Detailed objectives

The MIACYC project is divided into 3 steps :

Step 1 - Identification of new scaffolds of MIA at the cellular level using metabolomic innovative tools

The MIAs are highly complex molecules and although a large amount of knowledge has been accumulated concerning their production by the plants, many questions are still unanswered. The discovery of new MIA structures may illuminate unexpected enzymes involved in their biosynthesis.

Recent advances in analytical chemistry (in particular mass spectrometry) and in bioinformatics allowed the development of fully digitized new natural products within complex mixtures. In our project, we’ll use Imaging Mass Spectrometry (IMS) to assess the spatial distribution of metabolites at a cellular scale. These informations might serve as an entry point for cell-type resolved transcriptomics to bridge chemical profiles to upstream cellular events at the genetic level. Single cells would be achieve through Laser-Capture Microdissection technology. Downwards, computer-based molecular networking approach would allow visualizing and organizing analytical chemistry data sets and automate database searches for metabolite identification. Through this integration of metabolomics with genome-based functional characterizations of gene products, we’ll would discover new MIA scaffolds, produced by the activity of new or unexpected enzyme family that would give us clues to  elucidate biosynthetic pathways.

Step 2 - Identification of the key enzymes involved in the biosynthesis of C-Nindole  MIAs

This part of the project aims to identify new genes encoding proteins catalyzing MIA biosynthetic steps by to performing spatial transcriptomics. It means that we would analyse the genome assembly and RNA-seq from tissue-specific libraries and single cells.

This approach is tightly linked to the analysis of deep spatially resolved metabolome as single cell transcriptomics will be generated from cell populations according to spatial metabolic date previously generated.  We’ll also screen with analytical chemistry networking plants those MIA pathway has been activated by biotechnological tools. Through bioinformatics analysis, we would identify candidate genes from expression data through correlation networks.

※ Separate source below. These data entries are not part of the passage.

lemma term_op_eq_FV_extend:
  assumes \<sigma>: "FV_assignment \<sigma>" and "wf_trm ar t" and "\<And>i. i \<in> vars t \<Longrightarrow> xs ! (i - 1) = \<sigma> i"
  shows "term_op T t xs = FV_extend \<sigma> (cl t)"
  using assms(2,3)
proof (induction t)
  case (Var i)
  then show ?case using FV_extend_FV_var[OF \<sigma>] by (simp add: FV_var_eq_cl)
next
  case (Fn f ts)
  then have ts: "\<And>t. t \<in> set ts \<Longrightarrow> wf_trm ar t" "length ts = ar f"
    and cls: "set (map cl ts) \<subseteq> FV ar T" by (auto intro: cl_in_FV)
  have "term_op T u xs = FV_extend \<sigma> (cl u)" if "u \<in> set ts" for u
    using that Fn.prems by (intro Fn.IH) auto
  then have "term_op T (Fn f ts) xs = FV_op T f (map (FV_extend \<sigma>) (map cl ts))"
    by (simp cong: map_cong)
  also have "\<dots> = FV_extend \<sigma> (FV_op T f (map cl ts))"
    using FV_extend_FV_op[OF \<sigma> cls] ts by simp
  also have "\<dots> = FV_extend \<sigma> (cl (Fn f ts))"
    using FV_op_cl[OF ts] by simp
  finally show ?case .
qed

lemma top_ext_term_op:
  assumes t: "wf_trm ar t" and vt: "vars t \<subseteq> {1..k}"
  shows "top_ext ar T k (term_op T t) = to_block (cl t)"
proof
  fix s :: "nat \<Rightarrow> 'f trm set"
  have nth: "map s [1..<k+1] ! (i - 1) = s i" if "i \<in> vars t" for i
    using that vt by (intro nth_map_upt) auto
  have "term_op T t (map s [1..<k+1]) = FV_extend s (cl t)" if "s \<in> Omega ar T"
    by (rule term_op_eq_FV_extend[OF FV_assignment_Omega[OF that] t nth])
  then show "top_ext ar T k (term_op T t) s = to_block (cl t) s"
    unfolding top_ext_def to_block_def by simp
qed

lemma inj_on_to_block: "inj_on to_block (FV ar T)"
proof (rule inj_onI)
  let ?s = "(FV_var T)(0 := undefined)"
  have s: "?s \<in> Omega ar T"
    unfolding Omega_def using FV_var_in_FV by simp
  have "to_block w ?s = w" if "w \<in> FV ar T" for w
    using s that FV_extend_FV_var_id FV_extend_cong[of ?s "FV_var T"] by (simp add: to_block_def)
  then show "to_block w = to_block w' \<Longrightarrow> w \<in> FV ar T \<Longrightarrow> w' \<in> FV ar T \<Longrightarrow> w = w'" for w w'
    by metis
qed

lemma Blk_simps:
  "carrier (Blk ar T) = (\<lambda>(n, f). top_ext ar T n f) ` Clo ar T"
  "ops (Blk ar T) = (\<lambda>f \<psi>s. restrict (\<lambda>s. FV_op T f (map (\<lambda>\<psi>. \<psi> s) \<psi>s)) (Omega ar T))"
  "qop (Blk ar T) = (\<lambda>n \<phi> \<psi>s. restrict (\<lambda>s. \<phi> (seq_upd s (map (\<lambda>\<psi>. \<psi> s) \<psi>s))) (Omega ar T))"
  "eop (Blk ar T) = (\<lambda>i. restrict (\<lambda>s. s i) (Omega ar T))"
  unfolding Blk_def by simp_all

lemma to_block_in_Blk:
  assumes w: "w \<in> FV ar T"
  shows "to_block w \<in> carrier (Blk ar T)"
proof -
  obtain k where vt: "vars (rep w) \<subseteq> {1..k}"
    using vars_subset_atLeastAtMost[OF wf_rep[OF w]] ..
  have "(k, term_op T (rep w)) \<in> term_ops ar T"
    unfolding term_ops_def using wf_rep[OF w] vt by blast
  then have "(k, \<lambda>xs. term_op T (rep w) (xs @ [])) \<in> Clo ar T"
    unfolding Clo_def
    by (intro CollectI exI[where x = k] exI[where x = k] exI[where x = "term_op T (rep w)"]
        exI[where x = "[]"]) auto
  moreover have "to_block w = top_ext ar T k (\<lambda>xs. term_op T (rep w) (xs @ []))"
    using top_ext_term_op[OF wf_rep[OF w] vt] cl_rep[OF w] by simp
  ultimately show ?thesis
    unfolding Blk_simps by force
qed

lemma Blk_in_to_block:
  assumes "\<phi> \<in> carrier (Blk ar T)"
  shows "\<phi> \<in> to_block ` FV ar T"
proof -
  obtain m f where "(m, f) \<in> Clo ar T" "\<phi> = top_ext ar T m f"
    using assms unfolding Blk_simps by auto
  then obtain k g ys where \<phi>: "\<phi> = top_ext ar T m (\<lambda>xs. g (xs @ ys))"
    and g: "(k, g) \<in> term_ops ar T" and mk: "m \<le> k"
    and ys: "set ys \<subseteq> FV ar T" "length ys = k - m"
    and fictitious: "\<forall>xs zs zs'. set xs \<subseteq> FV ar T \<longrightarrow> length xs = m \<longrightarrow>
      set zs \<subseteq> FV ar T \<longrightarrow> length zs = k - m \<longrightarrow>
      set zs' \<subseteq> FV ar T \<longrightarrow> length zs' = k - m \<longrightarrow> g (xs @ zs) = g (xs @ zs')"
    unfolding Clo_def by blast
  obtain t where t: "wf_trm ar t" and vt: "vars t \<subseteq> {1..k}" and g_eq: "g = term_op T t"
    using g unfolding term_ops_def by auto
  have "\<phi> s = to_block (cl t) s" for s
  proof (cases "s \<in> Omega ar T")
    case True
    then have s: "\<And>i. 1 \<le> i \<Longrightarrow> s i \<in> FV ar T"
      unfolding Omega_def by auto
    have split: "[1..<k+1] = [1..<m+1] @ [m+1..<k+1]"
      using upt_add_eq_append[of 1 "m + 1" "k - m"] mk by simp
    have "\<phi> s = g (map s [1..<m+1] @ ys)"
      using True unfolding \<phi> top_ext_def by simp
    also have "\<dots> = g (map s [1..<m+1] @ map s [m+1..<k+1])"
      using mk ys s by (intro fictitious[rule_format]) auto
    also have "\<dots> = top_ext ar T k g s"
      using True unfolding top_ext_def split by simp
    finally show ?thesis
      using top_ext_term_op[OF t vt] g_eq by simp
  next
    case False
    then show ?thesis
      unfolding \<phi> top_ext_def to_block_def by simp
  qed
  then show ?thesis
    using cl_in_FV[OF t] by blast
qed

lemma to_block_FV_op:
  assumes "set xs \<subseteq> FV ar T" "length xs = ar f"
  shows "to_block (FV_op T f xs) = ops (Blk ar T) f (map to_block xs)"
  using assms unfolding Blk_simps to_block_def
  by (intro ext) (auto simp: FV_extend_FV_op FV_assignment_Omega subset_iff
      intro!: arg_cong[where f = "FV_op T f"])

lemma to_block_FV_q:
  assumes x: "x \<in> FV ar T" and ys: "set ys \<subseteq> FV ar T" "length ys = n"
  shows "to_block (FV_q ar T n x ys) = qop (Blk ar T) n (to_block x) (map to_block ys)"
proof
  fix s
  show "to_block (FV_q ar T n x ys) s = qop (Blk ar T) n (to_block x) (map to_block ys) s"
  proof (cases "s \<in> Omega ar T")
    case True
    note s = FV_assignment_Omega[OF True]
    have "map (\<lambda>\<psi>. \<psi> s) (map to_block ys) = map (FV_extend s) ys"
      using True ys(1) unfolding to_block_def by auto
    moreover have "seq_upd s (map (FV_extend s) ys) \<in> Omega ar T"
      using True ys(1) FV_extend_in_FV[OF s] by (intro seq_upd_Omega) auto
    ultimately have "qop (Blk ar T) n (to_block x) (map to_block ys) s
        = FV_extend (seq_upd s (map (FV_extend s) ys)) x"
      using True unfolding Blk_simps by (simp add: to_block_def del: map_map)
    also have "\<dots> = FV_extend s (FV_q ar T n x ys)"
      using FV_extend_seq_upd[OF s ys(1) x] by (simp add: FV_q_eq_FV_extend[OF ys])
    finally show ?thesis
      using True by (simp add: to_block_def)
  qed (simp add: to_block_def Blk_simps)
qed

lemma to_block_FV_var: "1 \<le> i \<Longrightarrow> to_block (FV_var T i) = eop (Blk ar T) i"
  unfolding Blk_simps to_block_def by (intro ext) (simp add: FV_extend_FV_var FV_assignment_Omega)

lemma clone_iso_to_block: "clone_iso ar (ClV ar T) (Blk ar T) to_block"
  unfolding clone_iso_def ClV_simps bij_betw_def
  using inj_on_to_block to_block_in_Blk Blk_in_to_block to_block_FV_op to_block_FV_q to_block_FV_var
  by blast

end

theorem proposition10p3:
  fixes ar :: "'f \<Rightarrow> nat" and T :: "('f trm \<times> 'f trm) set"
  assumes "eq_theory ar T"
  shows "(clone_algebra ar (ClV ar T) \<and> finite_dimensional (ClV ar T))
    \<and> (\<exists>h. bij_betw h (Con ar (ClV ar T)) (LT ar T) \<and>
          (\<forall>\<theta>1\<in>Con ar (ClV ar T). \<forall>\<theta>2\<in>Con ar (ClV ar T). \<theta>1 \<subseteq> \<theta>2 \<longleftrightarrow> h \<theta>1 \<subseteq> h \<theta>2))
    \<and> (\<forall>w\<in>FV ar T. \<forall>n>0. has_dim (ClV ar T) w n \<longrightarrow> (\<exists>t\<in>w. vars t \<subseteq> {1..n}))
    \<and> (\<forall>w\<in>FV ar T. has_dim (ClV ar T) w 0 \<longrightarrow>
          (\<exists>t\<in>w. vars t \<subseteq> {1} \<and> (t, subst (\<lambda>i. if i = 1 then Var 2 else Var i) t) \<in> T))
    \<and> (\<exists>h. clone_iso ar (ClV ar T) (Blk ar T) h)"
proof -
  interpret free_algebra ar T
    using assms by (rule free_algebra.intro)
  have "\<exists>h. bij_betw h (Con ar (ClV ar T)) (LT ar T) \<and>
      (\<forall>\<theta>1\<in>Con ar (ClV ar T). \<forall>\<theta>2\<in>Con ar (ClV ar T). \<theta>1 \<subseteq> \<theta>2 \<longleftrightarrow> h \<theta>1 \<subseteq> h \<theta>2)"
    using Con_ClV_order_iso_LT by blast
  then show ?thesis
    using clone_algebra_ClV finite_dimensional_ClV has_dim_pos_term has_dim_0_term
      clone_iso_to_block
    by blast
qed

end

Step 3 - Production in microbes of targeted MIA using genes encoding enzymes involved in C-Nindole alkaloid metabolism

The targeted alkaloid would be heterogously product using genes encoding enzymes involved in C-N indole alkaloid metabolism.

Candidate genes provided by our combined approaches will be first functionnaly validated by transient heterologous expression in yeast and in Catharanthus roseus, a well-known non-model plant. Active enzymes will be further combined into yeast to reconstruct partial or full biosynthetic pathways.